7.2 Terms and Conditions. Partner may from time to time refer Candidates to Company. Company, in its sole discretion, shall have the option to enter into, or decline to enter into, a comprehensive agreement with any Candidate. In the event Company declines, for any reason, to enter into an agreement with any Candidate, Company shall have no obligation to Partner under this Agreement or otherwise with respect to such Candidate. If (a) such Candidate has (i) not previously entered into an agreement of any kind or nature with Company; (ii) not previously been referred or introduced to Company; and (iii) not previously been documented as a Candidate of Company’s; and (b) Company enters into an agreement with any such Candidate that was referred by Partner, then Company shall pay a commission to Partner as set forth below in Section 7.3. In the event a referral of a Candidate is disputed by Company and/or among one or more referrers, agents, finders or other persons, Company alone shall determine which party, based solely upon who first provided it with written notice of such Candidate, is entitled to a commission, if any, with respect to such Candidate.
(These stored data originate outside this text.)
text \<open>Since \<open>skew (Q powi r)\<close> is odd in \<open>r\<close>, it suffices that the exponents agree up to sign, with
  the same number of negative ones.\<close>
lemma pair_den_exchange:
  fixes Q e :: complex
  assumes Q: "Q \<noteq> 0" and e: "e \<in> {1, -1}"
    and p: "int b - int a < p" "p \<le> int b" and a': "int a' = int b - p" and b': "int b' = int a + p"
  shows "pair_den_left Q a b (e * Q powi p) a' = pair_den_right Q a' b' (e * Q powi p) b"
proof -
  have a'a: "a' < a" and bb': "b < b'" and b: "int b = int a' + p" using p a' b' by linarith+
  have exps: "a - 1 + b = a' + (b' - 1)" using a' b' a'a bb' by linarith
  have odd: "\<And>r. skew (Q powi (- r)) = - skew (Q powi r)"
    using skew_inverse by (simp add: power_int_minus)
  let ?f = "\<lambda>r. skew (Q powi r)" and ?neg = "\<lambda>M. size (filter_mset (\<lambda>r::int. r < 0) M)"
  have "pair_den_left Q a b (e * Q powi p) a' = e ^ (a - 1 + b) * (\<Prod>r\<in>#den_exps_left a b p. ?f r)"
    by (rule pair_den_left_at_power[OF Q e a'a a'])
  also have "(\<Prod>r\<in>#den_exps_left a b p. ?f r) =
      (-1) ^ ?neg (den_exps_left a b p) * (\<Prod>r\<in>#image_mset abs (den_exps_left a b p). ?f r)"
    by (rule prod_mset_odd[where f = ?f, OF odd])
  also have "\<dots> = (-1) ^ ?neg (den_exps_right a' b' p) * (\<Prod>r\<in>#image_mset abs (den_exps_right a' b' p). ?f r)"
    unfolding den_exps_exchange[OF p a' b'] ..
  also have "\<dots> = (\<Prod>r\<in>#den_exps_right a' b' p. ?f r)"
    by (rule prod_mset_odd[where f = ?f, OF odd, symmetric])
  finally show ?thesis
    unfolding pair_den_right_at_power[OF Q e bb' b] exps .
qed

section \<open>Limits along u_i = \<plusminus>q^p u_j\<close>

type_synonym 'n point = "(complex^'n) \<times> (complex^'n)"

lemma isCont_Xk:
  fixes c :: "'n::finite point"
  assumes "T \<noteq> 0" and "Q \<noteq> 0" and "\<forall>m. fst c $ m \<noteq> 0" and "\<forall>a. snd c $ a \<noteq> 0"
    and "\<And>m m'. m \<noteq> m' \<Longrightarrow> qbr (inverse (Q ^ k m') * (fst c $ m / fst c $ m')) Q (k m) \<noteq> 0"
    and "\<And>a m. qbr (fst c $ m / snd c $ a) Q (k m) \<noteq> 0"
  shows "isCont (\<lambda>z. Xk T Q k (fst z) (snd z)) c"
  unfolding Xk_factors Xk_uu_def Xk_uv_def
  using assms by (intro continuous_intros isCont_qratio) auto

lemma skew_power_ratio:
  fixes Q e A B :: complex
  assumes "Q \<noteq> 0" and "e \<in> {1, -1}" and "A \<noteq> 0" and "B \<noteq> 0"
  shows "skew (Q powi (- p) * (A / B)) =
    (A - e * Q powi p * B) * (Q powi (- p) * (A + e * Q powi p * B) / (A * B))"
proof -
  have "Q powi p \<noteq> 0" and "e * e = 1" using assms by auto
  then show ?thesis using assms(3,4) by (simp add: skew_def power_int_minus field_simps)
qed

text \<open>In the square-root coordinates \<open>u_i = q^p u_j\<close> reads \<open>U_i = e Q^p U_j\<close> with a sign \<open>e\<close>.\<close>
locale uu_pole_point =
  fixes T Q :: complex and i j :: "'n::finite" and e :: complex and p :: int and c :: "'n point"
  assumes T: "T \<noteq> 0" and Q: "Q \<noteq> 0" and Q_generic: "\<forall>m::nat. m > 0 \<longrightarrow> (Q ^ 2) ^ m \<noteq> 1"
    and ij: "i \<noteq> j" and e: "e \<in> {1, -1}"
    and U: "\<forall>m. fst c $ m \<noteq> 0" and V: "\<forall>a. snd c $ a \<noteq> 0"
    and on_hypersurface: "fst c $ i = e * Q powi p * fst c $ j"
    and UU_generic: "\<And>m m' s. m \<noteq> m' \<Longrightarrow> {m, m'} \<noteq> {i, j} \<Longrightarrow> (fst c $ m) ^ 2 \<noteq> (Q ^ 2) powi s * (fst c $ m') ^ 2"
    and UV_generic: "\<And>m a s. (fst c $ m) ^ 2 \<noteq> (Q ^ 2) powi s * (snd c $ a) ^ 2"
begin

definition onto_hyp :: "'n point \<Rightarrow> 'n point" where
  "onto_hyp z = ((\<chi> m. if m = i then e * Q powi p * fst z $ j else fst z $ m), snd z)"

definition hyp_eqn :: "'n point \<Rightarrow> complex" where
  "hyp_eqn z = fst z $ i - e * Q powi p * fst z $ j"

definition u_ratio :: "'n point \<Rightarrow> complex" where
  "u_ratio z = fst z $ i / fst z $ j"

lemma isCont_onto_hyp: "isCont onto_hyp c"
  unfolding onto_hyp_def isCont_def by (intro tendsto_intros) (auto intro!: tendsto_intros)

lemma onto_hyp_fixes: "onto_hyp c = c"
  using on_hypersurface by (cases c) (auto simp: onto_hyp_def vec_eq_iff)

lemmas df_mult = diff_factors_mult[OF isCont_onto_hyp onto_hyp_fixes]
  and df_divide = diff_factors_divide[OF isCont_onto_hyp onto_hyp_fixes]
  and df_inverse = diff_factors_inverse[OF isCont_onto_hyp onto_hyp_fixes]
  and df_prod = diff_factors_prod[OF isCont_onto_hyp onto_hyp_fixes]
  and df_qbr = diff_factors_qbr[OF isCont_onto_hyp onto_hyp_fixes]
  and df_qbr_omit = diff_factors_qbr_omit[OF isCont_onto_hyp onto_hyp_fixes]
  and df_qratio = diff_factors_qratio[OF isCont_onto_hyp onto_hyp_fixes]

lemma diff_factors_U: "diff_factors onto_hyp hyp_eqn c (\<lambda>z. fst z $ m)"
  unfolding diff_factors_def
proof (intro conjI exI)
  show "\<forall>\<^sub>F z in nhds c. fst z $ m - fst (onto_hyp z) $ m = hyp_eqn z * (if m = i then 1 else 0)"
    by (simp add: onto_hyp_def hyp_eqn_def)
qed (auto intro: continuous_intros)

lemma diff_factors_V: "diff_factors onto_hyp hyp_eqn c (\<lambda>z. snd z $ a)"
  by (rule diff_factors_invariant) (auto simp: onto_hyp_def intro: continuous_intros)

lemma diff_factors_UU: "diff_factors onto_hyp hyp_eqn c (\<lambda>z. C * (fst z $ m / fst z $ m'))"
  using U by (intro df_mult df_divide diff_factors_const diff_factors_U) auto

lemma diff_factors_UV: "diff_factors onto_hyp hyp_eqn c (\<lambda>z. fst z $ m / snd z $ a)"
  using V by (intro df_divide diff_factors_U diff_factors_V) auto

lemma u_ratio_c: "u_ratio c = e * Q powi p"
  using on_hypersurface U by (simp add: u_ratio_def)

lemma diff_factors_u_ratio: "diff_factors onto_hyp hyp_eqn c u_ratio"
  using diff_factors_UU[of 1 i j] by (simp add: u_ratio_def[abs_def])

lemma diff_factors_Xk_off: "diff_factors onto_hyp hyp_eqn c (\<lambda>z. Xk_off T Q k i j (fst z) (snd z))"
proof -
  have uu: "diff_factors onto_hyp hyp_eqn c (\<lambda>z. Xk_uu T Q k (fst z) m m')"
    if "m \<noteq> m'" and "{m, m'} \<noteq> {i, j}" for m m'
    unfolding Xk_uu_def using T Q U UU_generic that
    by (intro df_qratio diff_factors_UU qbr_ne_0_generic) auto
  have uv: "diff_factors onto_hyp hyp_eqn c (\<lambda>z. Xk_uv T Q k (fst z) (snd z) a m)" for a m
    unfolding Xk_uv_def using T Q U V UV_generic
    by (intro df_qratio diff_factors_UV qbr_ratio_ne_0_generic) auto
  show ?thesis
    unfolding Xk_off_def using ij
    by (intro df_mult df_prod diff_factors_const uu uv) (auto simp: doubleton_eq_iff)
qed

lemma diff_factors_pair_num: "diff_factors onto_hyp hyp_eqn c (\<lambda>z. pair_num T Q a b (u_ratio z))"
proof -
  have "u_ratio c \<noteq> 0" using e Q by (auto simp: u_ratio_c)
  then show ?thesis
    unfolding pair_num_def using T Q
    by (intro df_mult df_qbr df_inverse diff_factors_const diff_factors_u_ratio) auto
qed
text \<open>Every term built by bracket abstraction evaluates in A, so combinators of A can be
  written as \<open>\<lambda>\<close>-terms.  An element a whose answer on the first query [b] is already
  \<open>p \<top> c\<close> computes \<open>a \<cdot>\<^sup>f b = c\<close> without consulting the oracle; this gives the
  realizer of the applicative morphism and an identity q of A[f].  The density witness m
  decodes \<open>[p x y] * u\<close> to \<open>x \<cdot> ([y] * u)\<close>, so every f-dialogue between x and y is one
  between m and \<open>p x y\<close>: hence \<open>m \<cdot>\<^sup>f (p x y) \<simeq> x \<cdot>\<^sup>f y\<close>.  Density then holds with
  a := p b, and (in) with \<open>c \<cdot>\<^sup>f b = p q b\<close>.\<close>

fun inst_cterm :: "(nat \<Rightarrow> 'a) \<Rightarrow> 'a cterm \<Rightarrow> 'a cterm" where
  "inst_cterm \<sigma> (Var n) = Const (\<sigma> n)"
| "inst_cterm \<sigma> (Const a) = Const a"
| "inst_cterm \<sigma> (App t u) = App (inst_cterm \<sigma> t) (inst_cterm \<sigma> u)"

fun vars_cterm :: "'a cterm \<Rightarrow> nat set" where
  "vars_cterm (Var n) = {n}"
| "vars_cterm (Const a) = {}"
| "vars_cterm (App t u) = vars_cterm t \<union> vars_cterm u"

lemma vars_cterm_lam: "vars_cterm (lam k s x t) = vars_cterm t - {x}"
  by (induction t) auto

lemma inst_cterm_closed: "vars_cterm t = {} \<Longrightarrow> inst_cterm \<sigma> t = t"
  by (induction t) auto

lemma ap_simps [simp]:
  "ap app (Some a) (Some b) = app a b"
  "ap app None y = None"
  "ap app x None = None"
  by (auto simp: ap_def split: option.splits)

locale pca =
  fixes app :: "'a \<Rightarrow> 'a \<Rightarrow> 'a option" and k s :: 'a
  assumes is_pca: "is_pca app k s"
begin

lemma K_defined: "\<exists>ka. app k a = Some ka"
  using is_pca unfolding is_pca_def by blast

lemma K_app: "app k a = Some ka \<Longrightarrow> app ka b = Some a"
  using is_pca unfolding is_pca_def by (metis option.inject)

lemma S_defined: "\<exists>sa sab. app s a = Some sa \<and> app sa b = Some sab"
  using is_pca unfolding is_pca_def by blast

lemma S_app: "app s a = Some sa \<Longrightarrow> app sa b = Some sab \<Longrightarrow>
    app sab c = ap app (app a c) (app b c)"
  using is_pca unfolding is_pca_def ap_def by blast

lemma SKK_app:
  assumes "app s k = Some sk" "app sk k = Some skk"
  shows "app skk a = Some a"
proof -
  obtain ka where ka: "app k a = Some ka" using K_defined by blast
  have "app skk a = ap app (app k a) (app k a)" by (rule S_app[OF assms])
  also have "\<dots> = Some a" using ka K_app[OF ka] by simp
  finally show ?thesis .
qed

lemma combI_app: "app (combI app k s) a = Some a"
proof -
  obtain sk skk where SKK: "app s k = Some sk" "app sk k = Some skk" using S_defined by blast
  then have "combI app k s = skk" by (simp add: combI_def)
  with SKK_app[OF SKK] show ?thesis by simp
qed

theorem lam_beta:
  "\<exists>w. ev app (inst_cterm \<sigma> (lam k s x t)) = Some w \<and>
        (\<forall>a. app w a = ev app (inst_cterm (\<sigma>(x := a)) t))"
proof (induction t arbitrary: \<sigma>)
  case (Var y)
  show ?case
  proof (cases "x = y")
    case True
    obtain sk skk where SKK: "app s k = Some sk" "app sk k = Some skk" using S_defined by blast
    with True show ?thesis using SKK_app[OF SKK] by simp
  next
    case False
    obtain ka where ka: "app k (\<sigma> y) = Some ka" using K_defined by blast
    with False show ?thesis using K_app[OF ka] by simp
  qed
next
  case (Const c)
  obtain ka where ka: "app k c = Some ka" using K_defined by blast
  then show ?case using K_app[OF ka] by simp
next
  case (App t u)
  obtain wt where t: "ev app (inst_cterm \<sigma> (lam k s x t)) = Some wt"
    "\<forall>a. app wt a = ev app (inst_cterm (\<sigma>(x := a)) t)" using App.IH(1) by blast
  obtain wu where u: "ev app (inst_cterm \<sigma> (lam k s x u)) = Some wu"
    "\<forall>a. app wu a = ev app (inst_cterm (\<sigma>(x := a)) u)" using App.IH(2) by blast
  obtain sa sab where S: "app s wt = Some sa" "app sa wu = Some sab" using S_defined by blast
  have "ev app (inst_cterm \<sigma> (lam k s x (App t u))) = Some sab" using t u S by simp
  moreover have "app sab a = ev app (inst_cterm (\<sigma>(x := a)) (App t u))" for a
    using S_app[OF S, of a] t(2) u(2) by simp
  ultimately show ?case by blast
qed

corollary lam_beta_closed:
  assumes "vars_cterm t \<subseteq> {x}"
  shows "\<exists>w. ev app (lam k s x t) = Some w \<and>
        (\<forall>a. app w a = ev app (inst_cterm ((\<lambda>_. k)(x := a)) t))"
proof -
  have "vars_cterm (lam k s x t) = {}" using assms by (auto simp: vars_cterm_lam)
  then have "inst_cterm (\<lambda>_. k) (lam k s x t) = lam k s x t" by (rule inst_cterm_closed)
  then show ?thesis using lam_beta[of "\<lambda>_. k" x t] by simp
qed

definition lam0 :: "'a cterm \<Rightarrow> 'a" where
  "lam0 t = the (ev app (inst_cterm (\<lambda>_. k) (lam k s 0 t)))"

lemma lam0_app: "app (lam0 t) a = ev app (inst_cterm ((\<lambda>_. k)(0 := a)) t)"
  using lam_beta[of "\<lambda>_. k" 0 t] by (auto simp: lam0_def)

abbreviation P where "P \<equiv> ppair app k s"
abbreviation pair where "pair \<equiv> pr app k s"
abbreviation bot where "bot \<equiv> pbot app k s"

lemma ptop_eq [simp]: "ptop app k s = k"
  by (simp add: ptop_def)

lemma ppair_beta:
  "\<exists>pb. app P b = Some pb \<and> (\<forall>c. \<exists>pbc. app pb c = Some pbc \<and>
     (\<forall>z. app pbc z = ap app (app z b) (Some c)))"
proof -
  define T :: "'a cterm" where "T = App (App (Var 2) (Var 0)) (Var 1)"
  have "vars_cterm (lam k s 1 (lam k s 2 T)) \<subseteq> {0}" by (auto simp: vars_cterm_lam T_def)
  then obtain w where w: "ev app (lam k s 0 (lam k s 1 (lam k s 2 T))) = Some w"
    "\<forall>a. app w a = ev app (inst_cterm ((\<lambda>_. k)(0 := a)) (lam k s 1 (lam k s 2 T)))"
    using lam_beta_closed by blast
  have "P = w" using w(1) by (simp add: ppair_def T_def)
  obtain w1 where w1: "ev app (inst_cterm ((\<lambda>_. k)(0 := b)) (lam k s 1 (lam k s 2 T))) = Some w1"
    "\<forall>c. app w1 c = ev app (inst_cterm ((\<lambda>_. k)(0 := b, 1 := c)) (lam k s 2 T))"
    using lam_beta by blast
  have "\<exists>pbc. app w1 c = Some pbc \<and> (\<forall>z. app pbc z = ap app (app z b) (Some c))" for c
  proof -
    obtain w2 where "ev app (inst_cterm ((\<lambda>_. k)(0 := b, 1 := c)) (lam k s 2 T)) = Some w2"
      "\<forall>z. app w2 z = ev app (inst_cterm ((\<lambda>_. k)(0 := b, 1 := c, 2 := z)) T)"
      using lam_beta by blast
    then show ?thesis using w1 by (simp add: T_def)
  qed
  then show ?thesis using \<open>P = w\<close> w w1 by auto
qed

lemma pair_app: "app (pair b c) z = ap app (app z b) (Some c)"
proof -
  obtain pb pbc where "app P b = Some pb" "app pb c = Some pbc"
    "\<forall>z. app pbc z = ap app (app z b) (Some c)"
    using ppair_beta[of b] by blast
  then show ?thesis by (simp add: pr_def)
qed

lemma ap_ppair [simp]: "ap app (app P b) (Some c) = Some (pair b c)"
proof -
  obtain pb where pb: "app P b = Some pb" "\<forall>c. \<exists>pbc. app pb c = Some pbc"
    using ppair_beta[of b] by blast
  then obtain pbc where "app pb c = Some pbc" by blast
  with pb show ?thesis by (simp add: pr_def)
qed

lemma ppair_app_total: "\<exists>pb. app P b = Some pb \<and> (\<forall>c. app pb c = Some (pair b c))"
  using ap_ppair[of b] by (cases "app P b") auto

lemma pair_fst [simp]: "app (pair b c) k = Some b"
proof -
  obtain kb where kb: "app k b = Some kb" using K_defined by blast
  then show ?thesis using K_app[OF kb] by (simp add: pair_app)
qed

lemma pair_snd [simp]: "app (pair b c) bot = Some c"
proof -
  obtain ki where ki: "app k (combI app k s) = Some ki" using K_defined by blast
  then have "bot = ki" by (simp add: pbot_def)
  then show ?thesis using K_app[OF ki, of b] combI_app by (simp add: pair_app)
qed

abbreviation PairT where "PairT t u \<equiv> App (App (Const P) t) u"
abbreviation FstT where "FstT t \<equiv> App t (Const k)"
abbreviation SndT where "SndT t \<equiv> App t (Const bot)"

lemma appf_immediate:
  assumes "app a (code app k s [b]) = Some (pair k c)"
  shows "appf app k s f a b c"
  unfolding appf_def is_dialogue_def using assms by (intro exI[of _ "[]"]) simp

text \<open>On \<open>u = [p x y] * w = p \<bottom> (p (p x y) w)\<close> this evaluates to
  \<open>x (p \<bottom> (p y w)) = x ([y] * w)\<close>.\<close>
definition apply_pair :: 'a where
  "apply_pair = lam0 (App (FstT (FstT (SndT (Var 0))))
     (PairT (Const bot) (PairT (SndT (FstT (SndT (Var 0)))) (SndT (SndT (Var 0))))))"

lemma apply_pair_code:
  "app apply_pair (code app k s (pair x y # us)) = app x (code app k s (y # us))"
  by (simp add: apply_pair_def lam0_app)

lemma is_dialogue_apply_pair:
  "is_dialogue app k s f apply_pair (pair x y) us = is_dialogue app k s f x y us"
  unfolding is_dialogue_def by (simp only: apply_pair_code)

lemma appf_apply_pair:
  "appf app k s f apply_pair (pair x y) d = appf app k s f x y d"
  unfolding appf_def by (simp only: apply_pair_code is_dialogue_apply_pair)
7.3 Support. A designated user of Partner shall be added to the team account of the Candidate, so that Partner may have account visibility and provide support to their Candidate users. Company support and training is available to be purchased and used as needed, whether by Partner or Candidate. If Partner does not provide the necessary support to Candidate, Candidate may select a different Partner to support them, or Candidate’s affiliation with Partner may be removed so Company could provide support to Candidate.
7.4 Commissions. In consideration for Partner’s services to be performed pursuant to this Section 7, Company shall pay Partner a commission for each Candidate referred by Partner, the details of which will be available in the Partner > Help section of the online Partner account. Commissions due Partner are paid each quarter if the amount owing exceeds $500 US; otherwise they will be cumulated and will be paid once the $500 US highwater mark has been exceeded. Commissions shall be paid by within 60 days after issuance of a commission report.
7.5 Records. Company shall maintain books and records related to Partner’s commission payment calculations. Company shall permit Partner or Partner’s designee(s) reasonable access during Company’s normal business hours and, upon request, to verify commission payments due pursuant to this Section 7.
7.6 Refunds. If a refund is issued pursuant to the applicable agreement with Company and Candidate, then the Partner’s commission account is adjusted and the commission for the applicable refund is subtracted accordingly.